I am looking for rules of thumb on what situations call for which solutions. 

I use a miter gauge with an extended arm for cross cutting thinner pieces. For wider pieces that doesn't work and a cross cut sled would extend too far off the front of the table. So here it seems that a panel sled (stop on leading edge) is better.

If I needed to cross cut a really wide piece I guess I would use a table on the left of the saw and hand support the trailing edge of the work as I push it along the fence.

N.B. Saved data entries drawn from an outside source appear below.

(* Let $p_0>2$ be a rational number with continued fraction expansion $$p_0=\nu_1+\cfrac{1}{\nu_2+\cfrac{1}{\ddots+\cfrac{1}{\nu_\alpha}}},\qquad \alpha\ge1,\ \nu_1,\dots,\nu_\alpha\in\mathbb{Z}_{\ge1}.$$ Define $y_{-1}=0,\ y_0=1,\ z_{-1}=1,\ z_0=0$ and $y_j=y_{j-2}+\nu_jy_{j-1}$, $z_j=z_{j-2}+\nu_jz_{j-1}$ for $1\le j\le\alpha$. Let $\theta=\pi/p_0$, let $N$ be an even positive integer, $u\in\mathbb{C}$, $m\in\{0,1,\dots,N/2\}$, and let $\omega_1,\dots,\omega_m$ solve the Bethe ansatz equations $$-\Biggl(\frac{\sinh\frac{\theta}{2}\bigl(\omega_j+i(u+2)\bigr)\sinh\frac{\theta}{2}(\omega_j-iu)}{\sinh\frac{\theta}{2}\bigl(\omega_j-i(u+2)\bigr)\sinh\frac{\theta}{2}(\omega_j+iu)}\Biggr)^{N/2}=\frac{Q(\omega_j+2i)}{Q(\omega_j-2i)},\qquad j=1,\dots,m,$$ where $Q(v)=\prod_{k=1}^m\sinh\frac{\theta}{2}(v-\omega_k)$. For integers $n\ge0$ let $$T_{n-1}(v)=\sum_{j=1}^{n}\phi\bigl(v-i(u+n+2-2j)\bigr)\phi\bigl(v+i(u-n+2j)\bigr)\frac{Q(v+in)Q(v-in)}{Q\bigl(v+i(2j-n)\bigr)Q\bigl(v+i(2j-n-2)\bigr)},\quad \phi(v)=\Bigl(\frac{\sinh\frac{\theta}{2}v}{\sin\theta}\Bigr)^{N/2}.$$ Then, as an identity of meromorphic functions of $v$, $$T_{y_\alpha+y_{\alpha-1}-1}(v)=T_{y_\alpha-y_{\alpha-1}-1}(v)+2(-1)^{mz_\alpha}\,T_{y_{\alpha-1}-1}(v+iy_\alpha).$$
   Context: $T_{n-1}(v)$ are the eigenvalues (dressed vacuum form) of the fusion hierarchy of quantum transfer matrices of the six-vertex model related to the XXZ chain with $\Delta=\cos(\pi/p_0)$; $\sinh$ is the hyperbolic sine. The numbers $y_j,z_j$ are the Takahashi–Suzuki data attached to $p_0$. *)

theory Defs
  imports "HOL-Analysis.Analysis"
begin

text \<open>Finite continued fraction: cfr nu i k = nu_i + 1/(nu_(i+1) + ... + 1/nu_(i+k)).
  So p0 = [nu_1; nu_2, ..., nu_alpha] is cfr nu 1 (alpha - 1).\<close>
fun cfr :: "(nat \<Rightarrow> nat) \<Rightarrow> nat \<Rightarrow> nat \<Rightarrow> real" where
  "cfr nu i 0 = real (nu i)"
| "cfr nu i (Suc k) = real (nu i) + 1 / cfr nu (Suc i) k"

text \<open>Takahashi--Suzuki numbers, shifted by one: ts_y nu (j+1) = y_j, ts_z nu (j+1) = z_j
  (so ts_y nu 0 = y_(-1) = 0, ts_y nu 1 = y_0 = 1, ts_z nu 0 = z_(-1) = 1, ts_z nu 1 = z_0 = 0).\<close>
fun ts_y :: "(nat \<Rightarrow> nat) \<Rightarrow> nat \<Rightarrow> nat" where
  "ts_y nu 0 = 0"
| "ts_y nu (Suc 0) = 1"
| "ts_y nu (Suc (Suc j)) = ts_y nu j + nu (Suc j) * ts_y nu (Suc j)"

fun ts_z :: "(nat \<Rightarrow> nat) \<Rightarrow> nat \<Rightarrow> nat" where
  "ts_z nu 0 = 1"
| "ts_z nu (Suc 0) = 0"
| "ts_z nu (Suc (Suc j)) = ts_z nu j + nu (Suc j) * ts_z nu (Suc j)"

definition Qfun :: "real \<Rightarrow> nat \<Rightarrow> (nat \<Rightarrow> complex) \<Rightarrow> complex \<Rightarrow> complex" where
  "Qfun \<theta> m \<omega> v = (\<Prod>k=1..m. sinh (complex_of_real (\<theta>/2) * (v - \<omega> k)))"

definition phi :: "real \<Rightarrow> nat \<Rightarrow> complex \<Rightarrow> complex" where
  "phi \<theta> N v = (sinh (complex_of_real (\<theta>/2) * v) / complex_of_real (sin \<theta>)) ^ (N div 2)"

text \<open>Tfun \<theta> N u m \<omega> n v is T_(n-1)(v) (dressed vacuum form); T_(-1) = 0.\<close>
definition Tfun :: "real \<Rightarrow> nat \<Rightarrow> complex \<Rightarrow> nat \<Rightarrow> (nat \<Rightarrow> complex) \<Rightarrow> nat \<Rightarrow> complex \<Rightarrow> complex" where
  "Tfun \<theta> N u m \<omega> n v =
     (\<Sum>j=1..n.
        phi \<theta> N (v - \<i> * (u + of_nat n + 2 - 2 * of_nat j))
      * phi \<theta> N (v + \<i> * (u - of_nat n + 2 * of_nat j))
      * (Qfun \<theta> m \<omega> (v + \<i> * of_nat n) * Qfun \<theta> m \<omega> (v - \<i> * of_nat n))
      / (Qfun \<theta> m \<omega> (v + \<i> * (2 * of_nat j - of_nat n))
         * Qfun \<theta> m \<omega> (v + \<i> * (2 * of_nat j - of_nat n - 2))))"

end

theory Submission
  imports Defs
begin

(* Since p0 = y_alpha / z_alpha is the last convergent of its continued fraction, theta y_alpha =
   pi z_alpha, so sinh (theta/2 (x + 2 i y_alpha)) = (-1)^z_alpha sinh (theta/2 x).  Hence phi and Q
   are quasi-periodic with period 2 i y_alpha and the ratio phi phi / (Q Q) summed in T is periodic.
   Write y_alpha = y_(alpha-1) + r.  The y_alpha + y_(alpha-1) summands of the left-hand side fall
   into a block of y_(alpha-1), a block of r and a block of y_(alpha-1) consecutive terms; the middle
   block gives T_(r-1)(v), and each outer block, after a shift by the period, gives
   T_(y_(alpha-1)-1)(v + i y_alpha).  The Q prefactors agree up to the sign (-1)^(m z_alpha). *)

lemma ts_y_ge_1:
  assumes "\<forall>j\<in>{1..n}. nu j \<ge> 1"
  shows "ts_y nu (Suc n) \<ge> 1"
  using assms
proof (induction n)
  case (Suc n)
  then have "1 \<le> nu (Suc n) * ts_y nu (Suc n)"
    by (simp add: Suc_le_eq)
  then show ?case
    by (simp add: trans_le_add2)
qed simp

lemma ts_y_le_ts_y_Suc:
  assumes "nu (Suc n) \<ge> 1"
  shows "ts_y nu (Suc n) \<le> ts_y nu (Suc (Suc n))"
  using assms by (simp add: trans_le_add2)

lemma ts_y_ts_z_Suc_shift:
  "ts_y nu (Suc n) = nu 1 * ts_y (\<lambda>j. nu (Suc j)) n + ts_z (\<lambda>j. nu (Suc j)) n
   \<and> ts_z nu (Suc n) = ts_y (\<lambda>j. nu (Suc j)) n"
  by (induction nu n rule: ts_y.induct) (simp_all add: algebra_simps)

lemma cfr_Suc_shift: "cfr nu (Suc i) k = cfr (\<lambda>j. nu (Suc j)) i k"
  by (induction k arbitrary: i) auto

lemma cfr_eq_ts_y_div_ts_z:
  assumes "\<forall>j\<in>{1..Suc k}. nu j \<ge> 1"
  shows "cfr nu 1 k = real (ts_y nu (Suc (Suc k))) / real (ts_z nu (Suc (Suc k)))"
  using assms
proof (induction k arbitrary: nu)
  case (Suc k)
  let ?s = "\<lambda>j. nu (Suc j)"
  let ?Y = "real (ts_y ?s (Suc (Suc k)))" and ?Z = "real (ts_z ?s (Suc (Suc k)))"
  have hyp: "\<forall>j\<in>{1..Suc k}. ?s j \<ge> 1"
    using Suc.prems by auto
  have "?Y \<noteq> 0"
    using ts_y_ge_1[OF hyp] by (simp del: ts_y.simps)
  moreover have "cfr nu 1 (Suc k) = real (nu 1) + 1 / (?Y / ?Z)"
    using Suc.IH[OF hyp] cfr_Suc_shift[of nu 1 k] by (simp add: numeral_2_eq_2)
  ultimately show ?case
    using ts_y_ts_z_Suc_shift[of nu "Suc (Suc k)"] by (simp add: field_simps del: ts_y.simps ts_z.simps)
qed simp

lemma sinh_add_of_nat_pi_i: "sinh (x + of_nat k * (pi * \<i>)) = (-1) ^ k * sinh (x :: complex)"
proof -
  let ?c = "of_nat k * (of_real pi * \<i>) :: complex"
  have e: "exp ?c = (-1) ^ k"
    by (simp only: exp_of_nat_mult exp_pi_i)
  then have e': "exp (- ?c) = (-1) ^ k"
    by (simp add: exp_minus flip: power_inverse)
  have "sinh (x + ?c) = (exp x * exp ?c - exp (- x) * exp (- ?c)) / 2"
    unfolding sinh_field_def minus_add_distrib exp_add ..
  also have "\<dots> = (-1) ^ k * sinh x"
    unfolding e e' sinh_field_def by (simp add: right_diff_distrib)
  finally show ?thesis by simp
qed

lemma sinh_quasi_periodic:
  assumes "\<theta> * real p = pi * real z"
  shows "sinh (complex_of_real (\<theta>/2) * (x + 2 * \<i> * of_nat p))
       = (-1) ^ z * sinh (complex_of_real (\<theta>/2) * x)"
proof -
  have "complex_of_real (\<theta>/2) * (x + 2 * \<i> * of_nat p)
      = complex_of_real (\<theta>/2) * x + of_nat z * (pi * \<i>)"
    using arg_cong[OF assms, of complex_of_real] by (simp add: field_simps)
  then show ?thesis
    by (simp only: sinh_add_of_nat_pi_i)
qed

lemma Qfun_quasi_periodic:
  assumes "\<theta> * real p = pi * real z"
  shows "Qfun \<theta> m \<omega> (x + 2 * \<i> * of_nat p) = (-1) ^ (m * z) * Qfun \<theta> m \<omega> x"
proof -
  have "Qfun \<theta> m \<omega> (x + 2 * \<i> * of_nat p)
      = (\<Prod>k=1..m. (-1) ^ z * sinh (complex_of_real (\<theta>/2) * (x - \<omega> k)))"
    unfolding Qfun_def using sinh_quasi_periodic[OF assms, of "x - \<omega> _"]
    by (intro prod.cong) (simp_all add: algebra_simps)
  then show ?thesis
    by (simp add: Qfun_def prod.distrib mult.commute[of m] power_mult)
qed

lemma phi_quasi_periodic:
  assumes "\<theta> * real p = pi * real z"
  shows "phi \<theta> N (x + 2 * \<i> * of_nat p) = (-1) ^ (z * (N div 2)) * phi \<theta> N x"
  unfolding phi_def sinh_quasi_periodic[OF assms] power_mult
  by (metis power_mult_distrib times_divide_eq_right)

definition Tfun_summand ::
    "real \<Rightarrow> nat \<Rightarrow> complex \<Rightarrow> nat \<Rightarrow> (nat \<Rightarrow> complex) \<Rightarrow> complex \<Rightarrow> complex" where
  "Tfun_summand \<theta> N u m \<omega> w =
     phi \<theta> N (w - \<i> * (u + 1)) * phi \<theta> N (w + \<i> * (u + 1))
     / (Qfun \<theta> m \<omega> (w + \<i>) * Qfun \<theta> m \<omega> (w - \<i>))"

lemma Tfun_summand_periodic:
  assumes "\<theta> * real p = pi * real z"
  shows "Tfun_summand \<theta> N u m \<omega> (w + 2 * \<i> * of_nat p) = Tfun_summand \<theta> N u m \<omega> w"
proof -
  have shift: "w + 2 * \<i> * of_nat p + c = (w + c) + 2 * \<i> * of_nat p" for c
    by simp
  show ?thesis
    unfolding Tfun_summand_def diff_conv_add_uminus shift
      phi_quasi_periodic[OF assms] Qfun_quasi_periodic[OF assms]
    by (simp add: mult_ac)
qed

lemma Tfun_eq_Qfun_mult_sum:
  "Tfun \<theta> N u m \<omega> n v = Qfun \<theta> m \<omega> (v + \<i> * of_nat n) * Qfun \<theta> m \<omega> (v - \<i> * of_nat n)
     * (\<Sum>j=1..n. Tfun_summand \<theta> N u m \<omega> (v + \<i> * of_int (2 * int j - int n - 1)))"
  unfolding Tfun_def sum_distrib_left
proof (rule sum.cong)
  fix j
  let ?w = "v + \<i> * of_int (2 * int j - int n - 1)"
  have args: "v - \<i> * (u + of_nat n + 2 - 2 * of_nat j) = ?w - \<i> * (u + 1)"
    "v + \<i> * (u - of_nat n + 2 * of_nat j) = ?w + \<i> * (u + 1)"
    "v + \<i> * (2 * of_nat j - of_nat n) = ?w + \<i>"
    "v + \<i> * (2 * of_nat j - of_nat n - 2) = ?w - \<i>"
    by (simp_all add: algebra_simps)
  show "phi \<theta> N (v - \<i> * (u + of_nat n + 2 - 2 * of_nat j))
        * phi \<theta> N (v + \<i> * (u - of_nat n + 2 * of_nat j))
        * (Qfun \<theta> m \<omega> (v + \<i> * of_nat n) * Qfun \<theta> m \<omega> (v - \<i> * of_nat n))
        / (Qfun \<theta> m \<omega> (v + \<i> * (2 * of_nat j - of_nat n))
           * Qfun \<theta> m \<omega> (v + \<i> * (2 * of_nat j - of_nat n - 2)))
      = Qfun \<theta> m \<omega> (v + \<i> * of_nat n) * Qfun \<theta> m \<omega> (v - \<i> * of_nat n)
        * Tfun_summand \<theta> N u m \<omega> ?w"
    unfolding args Tfun_summand_def by simp
qed simp

lemma sum_periodic_symmetric_split:
  fixes h :: "int \<Rightarrow> 'a::comm_ring_1"
  assumes periodic: "\<And>k. h (k + 2 * int (q + r)) = h k"
  shows "(\<Sum>j=1..q+r+q. h (2 * int j - int (q+r+q) - 1))
       = (\<Sum>j=1..r. h (2 * int j - int r - 1)) + 2 * (\<Sum>j=1..q. h (2 * int j + int r - 1))"
    (is "_ = ?Y + 2 * ?X")
proof -
  let ?f = "\<lambda>j. h (2 * int j - int (q+r+q) - 1)"
  have shift_interval: "sum ?f {k+1..k+n} = (\<Sum>j=1..n. ?f (j + k))" for k n
    using sum.shift_bounds_cl_nat_ivl[of ?f 1 k n] by (simp only: add.commute)
  have "sum ?f {1..q+r+q} = sum ?f {1..q} + sum ?f {q+1..q+r} + sum ?f {q+r+1..q+r+q}"
    using sum.ub_add_nat[of 1 q ?f "r+q"] sum.ub_add_nat[of "q+1" "q+r" ?f q]
    by (simp add: add.assoc)
  also have "sum ?f {1..q} = ?X"
  proof (rule sum.cong)
    show "?f j = h (2 * int j + int r - 1)" for j
      using periodic[of "2 * int j - int (q+r+q) - 1"] by (simp add: algebra_simps)
  qed simp
  also have "sum ?f {q+1..q+r} = ?Y"
    unfolding shift_interval by (rule sum.cong) (simp_all add: algebra_simps)
  also have "sum ?f {q+r+1..q+r+q} = ?X"
    unfolding shift_interval by (rule sum.cong) (simp_all add: algebra_simps)
  finally show ?thesis
    by (simp only: mult_2 add_ac)
qed

lemma Tfun_fusion_relation:
  assumes period: "\<theta> * real p = pi * real z" and "q \<le> p"
  shows "Tfun \<theta> N u m \<omega> (p + q) v
       = Tfun \<theta> N u m \<omega> (p - q) v
         + 2 * (-1) ^ (m * z) * Tfun \<theta> N u m \<omega> q (v + \<i> * of_nat p)"
proof -
  obtain r where p: "p = q + r"
    using \<open>q \<le> p\<close> le_Suc_ex by blast
  let ?Q = "Qfun \<theta> m \<omega>" and ?e = "(-1 :: complex) ^ (m * z)"
  define h where "h k = Tfun_summand \<theta> N u m \<omega> (v + \<i> * of_int k)" for k
  define A where "A = ?Q (v + \<i> * of_nat (q+r+q))"
  define B where "B = ?Q (v + \<i> * of_nat r)"
  have h_periodic: "h (k + 2 * int (q + r)) = h k" for k
  proof -
    have "v + \<i> * of_int (k + 2 * int (q + r)) = (v + \<i> * of_int k) + 2 * \<i> * of_nat p"
      by (simp add: p algebra_simps)
    then show ?thesis
      unfolding h_def by (simp only: Tfun_summand_periodic[OF period])
  qed
  have Q_reflect: "?Q x = ?e * ?Q (x + 2 * \<i> * of_nat p)" for x
    by (simp add: Qfun_quasi_periodic[OF period])
  have "Tfun \<theta> N u m \<omega> (p + q) v = ?e * A * B * (\<Sum>j=1..q+r+q. h (2 * int j - int (q+r+q) - 1))"
    unfolding Tfun_eq_Qfun_mult_sum Q_reflect[of "v - _"]
    by (simp add: A_def B_def h_def p algebra_simps)
  moreover have "Tfun \<theta> N u m \<omega> (p - q) v = ?e * A * B * (\<Sum>j=1..r. h (2 * int j - int r - 1))"
    unfolding Tfun_eq_Qfun_mult_sum Q_reflect[of "v - _"]
    by (simp add: A_def B_def h_def p algebra_simps)
  moreover have "Tfun \<theta> N u m \<omega> q (v + \<i> * of_nat p) = A * B * (\<Sum>j=1..q. h (2 * int j + int r - 1))"
    unfolding Tfun_eq_Qfun_mult_sum
    by (simp add: A_def B_def h_def p algebra_simps)
  ultimately show ?thesis
    using sum_periodic_symmetric_split[of h q r, OF h_periodic] by (simp add: algebra_simps)
qed

theorem mainTheorem2:
  fixes p0 :: real and \<alpha> :: nat and \<nu> :: "nat \<Rightarrow> nat"
    and N m :: nat and u :: complex and \<omega> :: "nat \<Rightarrow> complex"
  assumes "p0 \<in> \<rat>" and "p0 > 2"
    and "\<alpha> \<ge> 1" and "\<forall>j\<in>{1..\<alpha>}. \<nu> j \<ge> 1"
    and "p0 = cfr \<nu> 1 (\<alpha> - 1)"
    and "even N" and "N > 0"
    and "m \<le> N div 2"
    and "\<forall>j\<in>{1..m}.
           - (((sinh (complex_of_real (pi/p0/2) * (\<omega> j + \<i> * (u + 2)))
               * sinh (complex_of_real (pi/p0/2) * (\<omega> j - \<i> * u)))
              / (sinh (complex_of_real (pi/p0/2) * (\<omega> j - \<i> * (u + 2)))
               * sinh (complex_of_real (pi/p0/2) * (\<omega> j + \<i> * u)))) ^ (N div 2))
           = Qfun (pi/p0) m \<omega> (\<omega> j + 2 * \<i>) / Qfun (pi/p0) m \<omega> (\<omega> j - 2 * \<i>)"
  shows "\<forall>v. (\<forall>k::int. Qfun (pi/p0) m \<omega> (v + \<i> * of_int k) \<noteq> 0) \<longrightarrow>
           Tfun (pi/p0) N u m \<omega> (ts_y \<nu> (\<alpha>+1) + ts_y \<nu> \<alpha>) v
         = Tfun (pi/p0) N u m \<omega> (ts_y \<nu> (\<alpha>+1) - ts_y \<nu> \<alpha>) v
           + 2 * (-1) ^ (m * ts_z \<nu> (\<alpha>+1))
             * Tfun (pi/p0) N u m \<omega> (ts_y \<nu> \<alpha>) (v + \<i> * of_nat (ts_y \<nu> (\<alpha>+1)))"
proof -
  obtain a where a: "\<alpha> = Suc a"
    using \<open>\<alpha> \<ge> 1\<close> by (cases \<alpha>) auto
  define p where "p = ts_y \<nu> (\<alpha>+1)"
  define q where "q = ts_y \<nu> \<alpha>"
  define z where "z = ts_z \<nu> (\<alpha>+1)"
  have p0: "p0 = real p / real z"
    using assms(4,5) cfr_eq_ts_y_div_ts_z[of a \<nu>] by (simp add: a p_def z_def)
  have "p \<ge> 1"
    using assms(4) ts_y_ge_1[of \<alpha> \<nu>] by (simp add: p_def)
  with p0 \<open>p0 > 2\<close> have period: "pi / p0 * real p = pi * real z"
    by (auto simp: field_simps)
  have "q \<le> p"
    using assms(4) ts_y_le_ts_y_Suc[of \<nu> a] by (simp add: a p_def q_def)
  show ?thesis
    using Tfun_fusion_relation[OF period \<open>q \<le> p\<close>, of N u m \<omega>]
    unfolding p_def q_def z_def by blast
qed

end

So the questions are: which conditions are ideal for a traditional crosscut sled (when is it better than a miter gauge) and is there anything wrong (unsafe on inaccurate) with my methods above?


----------



## woodnthings (Jan 24, 2009)

*Nope, you've got it!*

The width of the material determines the best method to cross cut it. I use and extended fence on the miter gauge 90% of the time, cutting right into it since it's tall enough to permit that. I use the standard rip fence to crosscut wide pieces of plywood for panels and cabinets. My table will rip to the center of a 48" panel so there is no issue of "not enough capacity".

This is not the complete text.